Open leeraya opened 3 years ago

leeraya commented 3 years ago

Function Description

This is an enhanced feature. TIDB originally had the concept of portal and related processing. The definition of portal is in sessionctx/variable/session.go. The portal will save the name and its corresponding sentence ID.

In the process of rewriting TiDB for PostgreSQL, it is simplified in order to quickly read the running extension protocol.

TiDB for PostgreSQL's processing is mainly in server/conn_stmt.go. It can be seen that the processing is very simple, and the portal processing needs to be improved.

Task list

  1. Improve portal processing, the code is concentrated in server/conn_stmt.go.

Expected Results

Portal's functions are more complete, and it can face complex expanded query situations

pupillord commented 3 years ago

Definition and use of ‘protal’ could reference documents: https://www.postgresql.org/docs/current/protocol-flow.html#PROTOCOL-FLOW-EXT-QUERY.

Query planning typically occurs when the Bind message is processed. If the prepared statement has no parameters, or is executed repeatedly, the server might save the created plan and re-use it during subsequent Bind messages for the same prepared statement. However, it will do so only if it finds that a generic plan can be created that is not much less efficient than a plan that depends on the specific parameter values supplied. This happens transparently so far as the protocol is concerned.

If successfully created, a named portal object lasts till the end of the current transaction, unless explicitly destroyed. An unnamed portal is destroyed at the end of the transaction, or as soon as the next Bind statement specifying the unnamed portal as destination is issued. (Note that a simple Query message also destroys the unnamed portal.) Named portals must be explicitly closed before they can be redefined by another Bind message, but this is not required for the unnamed portal. Named portals can also be created and accessed at the SQL command level, using DECLARE CURSOR and FETCH.

Once a portal exists, it can be executed using an Execute message. The Execute message specifies the portal name (empty string denotes the unnamed portal) and a maximum result-row count (zero meaning “fetch all rows”). The result-row count is only meaningful for portals containing commands that return row sets; in other cases the command is always executed to completion, and the row count is ignored. The possible responses to Execute are the same as those described above for queries issued via simple query protocol, except that Execute doesn't cause ReadyForQuery or RowDescription to be issued.
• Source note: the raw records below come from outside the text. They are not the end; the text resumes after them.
(* Consider the DS-PSRL algorithm with parameters sampled at times $1,2,4,8,\dots$. Let $m$ be the number of episodes up to time $T$, $M_j$ the number of steps of episode $j$, $N_j$ one plus the number of steps in the first $j$ episodes (so $N_0=1$, $N_j=N_{j-1}+M_j$), and $\widetilde\theta_j$ the parameter sampled for episode $j$. Suppose there is a constant $C'$ with $\max_j\mathbb{E}\big[N_{j-1}|\theta_*-\widetilde\theta_j|^2\big]\le C'\log T$. Then \[ \mathbb{E}\Big[\sum_{j=1}^m M_j|\theta_*-\widetilde\theta_j|^2\Big]\le 2C'\log^2T. \]
   Context: Setting: parametrized MDP with scalar unknown parameter $\theta_*\in\Theta\subseteq\mathbb{R}$ drawn from a known prior. DS-PSRL: set $L=1$; at each step $t$, if $t=L$ sample $\widetilde\theta_t$ from the current posterior of $\theta_*$ and set $L\leftarrow2L$, else keep $\widetilde\theta_t=\widetilde\theta_{t-1}$; act optimally for parameter $\widetilde\theta_t$ and update the posterior with the observed transition. An episode is a maximal run of steps with the same sampled parameter. *)

theory Defs
  imports "HOL-Probability.Probability"
begin

text \<open>Doubling schedule of DS-PSRL. dspsrl_L t is the value of the variable L
  at the beginning of step t (t >= 1): L = 1 initially, and at step t, if t = L
  a new parameter is sampled and L is doubled.\<close>
primrec dspsrl_L :: "nat \<Rightarrow> nat" where
  "dspsrl_L 0 = 1"
| "dspsrl_L (Suc t) = (if t = dspsrl_L t then 2 * dspsrl_L t else dspsrl_L t)"

definition resample :: "nat \<Rightarrow> bool" where
  "resample t \<longleftrightarrow> 1 \<le> t \<and> t = dspsrl_L t"

definition episode_of :: "nat \<Rightarrow> nat" where
  "episode_of t = card {s \<in> {1..t}. resample s}"

definition num_episodes :: "nat \<Rightarrow> nat" where
  "num_episodes T = episode_of T"

definition ep_len :: "nat \<Rightarrow> nat \<Rightarrow> nat" where
  "ep_len T j = card {t \<in> {1..T}. episode_of t = j}"

definition ep_N :: "nat \<Rightarrow> nat \<Rightarrow> nat" where
  "ep_N T j = 1 + (\<Sum>i=1..j. ep_len T i)"

end

theory Submission
  imports Defs "HOL-Library.Log_Nat"
begin

text \<open>The sampling times are exactly the powers of two, so step t lies in episode
  floorlog 2 t. Hence N_j = min 2^j (T + 1) and M_j = N_j - N_(j-1) \<le> N_(j-1): no episode
  is longer than everything before it. Bounding M_j by N_(j-1) termwise gives at most
  m C' log T, and m = \<lfloor>log T\<rfloor> + 1 \<le> 2 log T once T \<ge> 2.\<close>

lemma dspsrl_L_bounds:
  assumes "t \<ge> 1"
  shows "t \<le> dspsrl_L t \<and> dspsrl_L t < 2 * t \<and> (\<exists>k. dspsrl_L t = 2 ^ k)"
  using assms
proof (induction t)
  case (Suc t)
  show ?case
  proof (cases "t = 0")
    case False
    with Suc obtain k where "t \<le> dspsrl_L t" "dspsrl_L t < 2 * t" "dspsrl_L t = 2 ^ k"
      by auto
    then show ?thesis
      by (cases "t = dspsrl_L t") (auto intro: exI[of _ "Suc k"])
  qed (auto intro: exI[of _ 0])
qed simp

lemma resample_iff_power_of_two: "resample s \<longleftrightarrow> (\<exists>k. s = 2 ^ k)"
proof
  assume "resample s"
  then show "\<exists>k. s = 2 ^ k"
    unfolding resample_def using dspsrl_L_bounds[of s] by auto
next
  assume "\<exists>k. s = 2 ^ k"
  then obtain k where k: "s = 2 ^ k" by blast
  then have "s \<ge> 1" by simp
  then obtain i where i: "dspsrl_L s = 2 ^ i" "s \<le> 2 ^ i" "2 ^ i < 2 * s"
    using dspsrl_L_bounds[of s] by auto
  have "(2::nat) ^ k \<le> 2 ^ i" "(2::nat) ^ i < 2 ^ Suc k"
    using i k by simp_all
  then have "i = k"
    by (simp only: power_increasing_iff power_strict_increasing_iff)
  then show "resample s"
    unfolding resample_def using \<open>s \<ge> 1\<close> i k by simp
qed

lemma episode_of_eq_floorlog: "episode_of t = floorlog 2 t"
proof -
  have "{s \<in> {1..t}. resample s} = (\<lambda>k. 2 ^ k) ` {..<floorlog 2 t}"
    by (auto simp: resample_iff_power_of_two floorlog_le_iff not_le[symmetric])
  moreover have "inj (\<lambda>k. (2::nat) ^ k)"
    by (auto intro: injI)
  ultimately show ?thesis
    unfolding episode_of_def by (simp add: card_image inj_on_subset)
qed

lemma floorlog_eq_iff:
  assumes "b > 1" "t \<ge> 1" "j \<ge> 1"
  shows "floorlog b t = j \<longleftrightarrow> b ^ (j - 1) \<le> t \<and> t < b ^ j"
  using assms floorlog_bounds[of t b] floorlog_geI[of b j t] floorlog_le_iff[of b t j]
  by auto

lemma ep_len_eq:
  assumes "j \<ge> 1"
  shows "ep_len T j = min (2 ^ j) (T + 1) - min (2 ^ (j - 1)) (T + 1)"
proof -
  have "t \<in> {1..T} \<and> floorlog 2 t = j \<longleftrightarrow> t \<in> {2 ^ (j - 1)..<min (2 ^ j) (T + 1)}" for t
  proof (cases "t \<ge> 1")
    case True
    then show ?thesis
      using assms floorlog_eq_iff[of 2, OF _ True assms] by (simp add: Suc_le_eq less_Suc_eq_le) blast
  next
    case False
    then have "t = 0" by simp
    then show ?thesis by simp
  qed
  then have "{t \<in> {1..T}. episode_of t = j} = {2 ^ (j - 1)..<min (2 ^ j) (T + 1)}"
    unfolding episode_of_eq_floorlog by blast
  then show ?thesis
    unfolding ep_len_def by simp
qed

lemma ep_N_eq: "ep_N T j = min (2 ^ j) (T + 1)"
proof (induction j)
  case (Suc j)
  have "min (2 ^ j) (T + 1) \<le> min (2 ^ Suc j) (T + 1)"
    by simp
  then show ?case
    using Suc by (simp add: ep_N_def ep_len_eq del: power_Suc)
qed (simp add: ep_N_def)

lemma ep_len_le_ep_N: "j \<ge> 1 \<Longrightarrow> ep_len T j \<le> ep_N T (j - 1)"
  by (cases j) (auto simp: ep_len_eq ep_N_eq)

lemma num_episodes_le_two_log:
  assumes "T \<ge> 2"
  shows "real (num_episodes T) \<le> 2 * log 2 (real T)"
proof -
  have "1 \<le> log 2 (real T)"
    using assms by simp
  moreover have "real (num_episodes T) \<le> log 2 (real T) + 1"
    using assms by (simp add: num_episodes_def episode_of_eq_floorlog floorlog_def)
  ultimately show ?thesis by simp
qed

lemma nn_integral_weighted_sum_le:
  assumes "finite J"
    and "\<And>j. j \<in> J \<Longrightarrow> f j \<in> borel_measurable M"
    and "\<And>j \<omega>. j \<in> J \<Longrightarrow> 0 \<le> f j \<omega>"
    and "\<And>j. j \<in> J \<Longrightarrow> 0 \<le> w j \<and> w j \<le> W j"
    and "\<And>j. j \<in> J \<Longrightarrow> (\<integral>\<^sup>+ \<omega>. ennreal (W j * f j \<omega>) \<partial>M) \<le> c"
  shows "(\<integral>\<^sup>+ \<omega>. ennreal (\<Sum>j\<in>J. w j * f j \<omega>) \<partial>M) \<le> of_nat (card J) * c"
proof -
  have "(\<integral>\<^sup>+ \<omega>. ennreal (\<Sum>j\<in>J. w j * f j \<omega>) \<partial>M)
      = (\<integral>\<^sup>+ \<omega>. (\<Sum>j\<in>J. ennreal (w j * f j \<omega>)) \<partial>M)"
    using assms(3,4) by (simp add: sum_ennreal)
  also have "\<dots> = (\<Sum>j\<in>J. \<integral>\<^sup>+ \<omega>. ennreal (w j * f j \<omega>) \<partial>M)"
    using assms(2) by (intro nn_integral_sum) auto
  also have "\<dots> \<le> (\<Sum>j\<in>J. \<integral>\<^sup>+ \<omega>. ennreal (W j * f j \<omega>) \<partial>M)"
    using assms(3,4) by (intro sum_mono nn_integral_mono ennreal_leI mult_right_mono) auto
  also have "\<dots> \<le> (\<Sum>j\<in>J. c)"
    using assms(5) by (rule sum_mono)
  finally show ?thesis by simp
qed

theorem lemma4:
  fixes M :: "'a measure" and theta_star :: "'a \<Rightarrow> real"
    and theta_tilde :: "nat \<Rightarrow> 'a \<Rightarrow> real" and T :: nat and C' :: real
  assumes "prob_space M"
    and "theta_star \<in> borel_measurable M"
    and "\<And>j. theta_tilde j \<in> borel_measurable M"
    and "T \<ge> 1"
    and "\<forall>j\<in>{1..num_episodes T}.
           (\<integral>\<^sup>+ \<omega>. ennreal (real (ep_N T (j - 1)) * (theta_star \<omega> - theta_tilde j \<omega>)^2) \<partial>M)
             \<le> ennreal (C' * log 2 (real T))"
  shows "(\<integral>\<^sup>+ \<omega>. ennreal (\<Sum>j=1..num_episodes T.
              real (ep_len T j) * (theta_star \<omega> - theta_tilde j \<omega>)^2) \<partial>M)
           \<le> ennreal (2 * C' * (log 2 (real T))^2)"
proof -
  define m and L where "m = num_episodes T" and "L = log 2 (real T)"
  have "(\<integral>\<^sup>+ \<omega>. ennreal (\<Sum>j\<in>{1..m}. real (ep_len T j) * (theta_star \<omega> - theta_tilde j \<omega>)^2) \<partial>M)
      \<le> of_nat (card {1..m}) * ennreal (C' * L)"
  proof (rule nn_integral_weighted_sum_le[where f = "\<lambda>j \<omega>. (theta_star \<omega> - theta_tilde j \<omega>)^2"
        and w = "\<lambda>j. real (ep_len T j)" and W = "\<lambda>j. real (ep_N T (j - 1))"])
    fix j assume "j \<in> {1..m}"
    then show "0 \<le> real (ep_len T j) \<and> real (ep_len T j) \<le> real (ep_N T (j - 1))"
      using ep_len_le_ep_N[of j T] by simp
    show "(\<integral>\<^sup>+ \<omega>. ennreal (real (ep_N T (j - 1)) * (theta_star \<omega> - theta_tilde j \<omega>)^2) \<partial>M)
        \<le> ennreal (C' * L)"
      using assms(5) \<open>j \<in> {1..m}\<close> unfolding m_def L_def by blast
  qed (use assms(2,3) in auto)
  also have "\<dots> \<le> ennreal (2 * C' * L^2)"
  proof (cases "C' * L \<le> 0")
    case True
    then show ?thesis by (simp add: ennreal_neg)
  next
    case False
    moreover have "L \<ge> 0"
      using assms(4) by (simp add: L_def)
    ultimately have "T \<ge> 2"
      using assms(4) by (cases "T = 1") (auto simp: L_def)
    with False have "real m * (C' * L) \<le> 2 * L * (C' * L)"
      using num_episodes_le_two_log[of T] by (intro mult_right_mono) (auto simp: m_def L_def)
    then have "ennreal (real m * (C' * L)) \<le> ennreal (2 * C' * L^2)"
      by (intro ennreal_leI) (simp add: power2_eq_square algebra_simps)
    moreover have "of_nat m * ennreal (C' * L) = ennreal (real m * (C' * L))"
      by (simp add: ennreal_mult'[of "real m"] ennreal_of_nat_eq_real_of_nat)
    ultimately show ?thesis
      by simp
  qed
  finally show ?thesis
    unfolding m_def L_def .
qed

end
If Execute terminates before completing the execution of a portal (due to reaching a nonzero result-row count), it will send a PortalSuspended message; the appearance of this message tells the frontend that another Execute should be issued against the same portal to complete the operation. The CommandComplete message indicating completion of the source SQL command is not sent until the portal's execution is completed. Therefore, an Execute phase is always terminated by the appearance of exactly one of these messages: CommandComplete, EmptyQueryResponse (if the portal was created from an empty query string), ErrorResponse, or PortalSuspended.